In general, the decision boundaries adapt based on the total number of patients treated:
- Escalation: Increase the dose if the number of observed DLTs falls below a certain threshold.
- De-escalation: Decrease the dose if the number of observed DLTs exceeds a certain threshold.
- Elimination: Remove the dose if the number of observed DLTs is very high.

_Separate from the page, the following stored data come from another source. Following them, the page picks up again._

lemma okounkov_body_subset_box:
  assumes "linear_growth G"
  obtains R :: nat where "okounkov_body G \<subseteq> cbox 0 (\<chi> i. real R)"
proof -
  obtain R :: nat where R: "\<And>m a i. (m, a) \<in> G \<Longrightarrow> a $ i \<le> R * m"
    using linear_growth_bound[OF assms] by blast
  define f :: "'a \<times> bool \<Rightarrow> real \<times> (real^'a) \<Rightarrow> real" where
    "f c p = (if snd c then snd p $ fst c else real R * fst p - snd p $ fst c)" for c p
  define Q where "Q = (\<Inter>c. {p. 0 \<le> f c p})"
  have "linear (f c)" for c
    by (cases "snd c") (auto intro!: linearI simp: f_def algebra_simps)
  then have "convex_cone Q" unfolding Q_def
    by (intro convex_cone_Inter) (auto intro: convex_cone_nonneg_linear)
  moreover have "closed {p. 0 \<le> f c p}" for c
    by (cases "snd c") (auto simp: f_def intro!: closed_Collect_le continuous_intros)
  then have "closed Q" unfolding Q_def by blast
  moreover have "real_emb p \<in> Q" if "p \<in> G" for p
  proof -
    obtain m a where p: "p = (m, a)" by fastforce
    have "real (a $ i) \<le> real R * real m" for i
      using R[of m a i] that p by (simp flip: of_nat_mult)
    then show ?thesis by (simp add: Q_def f_def p real_emb_def)
  qed
  ultimately have cone: "closed_cone G \<subseteq> Q" by (intro closed_cone_subset) auto
  have "0 \<le> x $ i \<and> x $ i \<le> real R" if "x \<in> okounkov_body G" for x i
  proof -
    have "(1, x) \<in> Q" using cone that by (auto simp: okounkov_body_def)
    then have "0 \<le> f (i, True) (1, x)" "0 \<le> f (i, False) (1, x)" unfolding Q_def by blast+
    then show ?thesis by (simp add: f_def)
  qed
  then have "okounkov_body G \<subseteq> cbox 0 (\<chi> i. real R)" by (auto simp: mem_box_cart)
  then show ?thesis using that by blast
qed

lemma compact_okounkov_body: "linear_growth G \<Longrightarrow> compact (okounkov_body G)"
  by (metis okounkov_body_subset_box bounded_cbox bounded_subset closed_okounkov_body
        compact_eq_bounded_closed)

lemma okounkov_body_subset_scaled:
  assumes k: "k \<ge> (1::nat)" and slices: "\<And>r. slice H r \<subseteq> slice G (k * r)"
  shows "okounkov_body H \<subseteq> (\<lambda>x. real k *\<^sub>R x) ` okounkov_body G"
proof -
  define f where "f p = (fst p, (1 / real k) *\<^sub>R snd p)" for p :: "real \<times> (real^'a)"
  have "linear f" unfolding f_def by (intro linearI) (auto simp: algebra_simps)
  then have "convex_cone (f -` closed_cone G)"
    using convex_cone_closed_cone by (rule convex_cone_linear_vimage)
  moreover have "closed (f -` closed_cone G)" unfolding closed_cone_def f_def
    by (intro continuous_closed_vimage) (auto intro!: continuous_intros)
  moreover have "real_emb ` H \<subseteq> f -` closed_cone G"
  proof
    fix p assume "p \<in> real_emb ` H"
    then obtain r a where ra: "(r, a) \<in> H" "p = real_emb (r, a)" by auto
    then have "real_emb (k * r, a) \<in> closed_cone G"
      using slices[of r] by (auto simp: slice_def intro: real_emb_in_closed_cone)
    then have "(1 / real k) *\<^sub>R real_emb (k * r, a) \<in> closed_cone G"
      by (intro convex_cone_scaleR[OF convex_cone_closed_cone]) auto
    then show "p \<in> f -` closed_cone G"
      using k ra(2) by (simp add: f_def real_emb_Pair)
  qed
  ultimately have cone: "closed_cone H \<subseteq> f -` closed_cone G" by (intro closed_cone_subset)
  show ?thesis
  proof
    fix x assume "x \<in> okounkov_body H"
    then have "(1 / real k) *\<^sub>R x \<in> okounkov_body G"
      using cone by (auto simp: okounkov_body_def f_def)
    moreover have "x = real k *\<^sub>R ((1 / real k) *\<^sub>R x)" using k by simp
    ultimately show "x \<in> (\<lambda>x. real k *\<^sub>R x) ` okounkov_body G" by blast
  qed
qed

lemma
  fixes G :: "(nat \<times> (nat^'n)) set"
  assumes "linear_growth G" "k \<ge> 1" "\<And>r. slice H r \<subseteq> slice G (k * r)"
  shows compact_okounkov_body_subsemigroup: "compact (okounkov_body H)"
    and measure_okounkov_body_subsemigroup_le:
      "measure lebesgue (okounkov_body H) \<le> real k ^ CARD('n) * measure lebesgue (okounkov_body G)"
proof -
  let ?kG = "(\<lambda>x. real k *\<^sub>R x + 0) ` okounkov_body G"
  have sub: "okounkov_body H \<subseteq> ?kG"
    using okounkov_body_subset_scaled[OF assms(2,3)] by simp
  have cpt: "compact ?kG"
    using compact_okounkov_body[OF assms(1)] by (simp add: compact_scaling)
  then show cH: "compact (okounkov_body H)"
    using sub closed_okounkov_body bounded_subset compact_eq_bounded_closed by blast
  have "measure lebesgue (okounkov_body H) \<le> measure lebesgue ?kG"
    using sub lmeasurable_compact[OF cH] lmeasurable_compact[OF cpt]
    by (intro measure_mono_fmeasurable) auto
  also have "\<dots> = real k ^ CARD('n) * measure lebesgue (okounkov_body G)"
    using measure_lebesgue_affine[of "real k" 0 "okounkov_body G"] by simp
  finally show "measure lebesgue (okounkov_body H) \<le> real k ^ CARD('n) * measure lebesgue (okounkov_body G)" .
qed

lemma convex_hull_slice_one_subset_okounkov_body:
  "convex hull (real_vec ` slice H 1) \<subseteq> okounkov_body H"
proof (intro hull_minimal convex_okounkov_body subsetI, clarify)
  fix a assume "a \<in> slice H 1"
  then have "real_emb (1, a) \<in> closed_cone H" by (intro real_emb_in_closed_cone) (simp add: slice_def)
  then show "real_vec a \<in> okounkov_body H" by (simp add: okounkov_body_def real_emb_Pair)
qed

definition normalized_points :: "(nat \<times> (nat^'n)) set \<Rightarrow> (real^'n) set" where
  "normalized_points G = {(1 / real m) *\<^sub>R real_vec a | m a. (m, a) \<in> G \<and> m \<ge> 1}"

lemma countable_normalized_points: "countable (normalized_points G)"
proof -
  have "normalized_points G \<subseteq> (\<lambda>(m, a). (1 / real m) *\<^sub>R real_vec a) ` UNIV"
    by (auto simp: normalized_points_def)
  then show ?thesis by (rule countable_subset) simp
qed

The boundaries become more detailed with increasing numbers of patients, allowing for finer adjustments in decision-making:
- Escalation: Thresholds for increasing the dose are adjusted as the number of patients treated increases.
- De-escalation: Thresholds for decreasing the dose also change with the total number of patients treated.
- Elimination: Criteria for removing a dose are similarly refined based on patient numbers.
The trial typically stops if the lowest dose level is eliminated based on these predefined boundaries.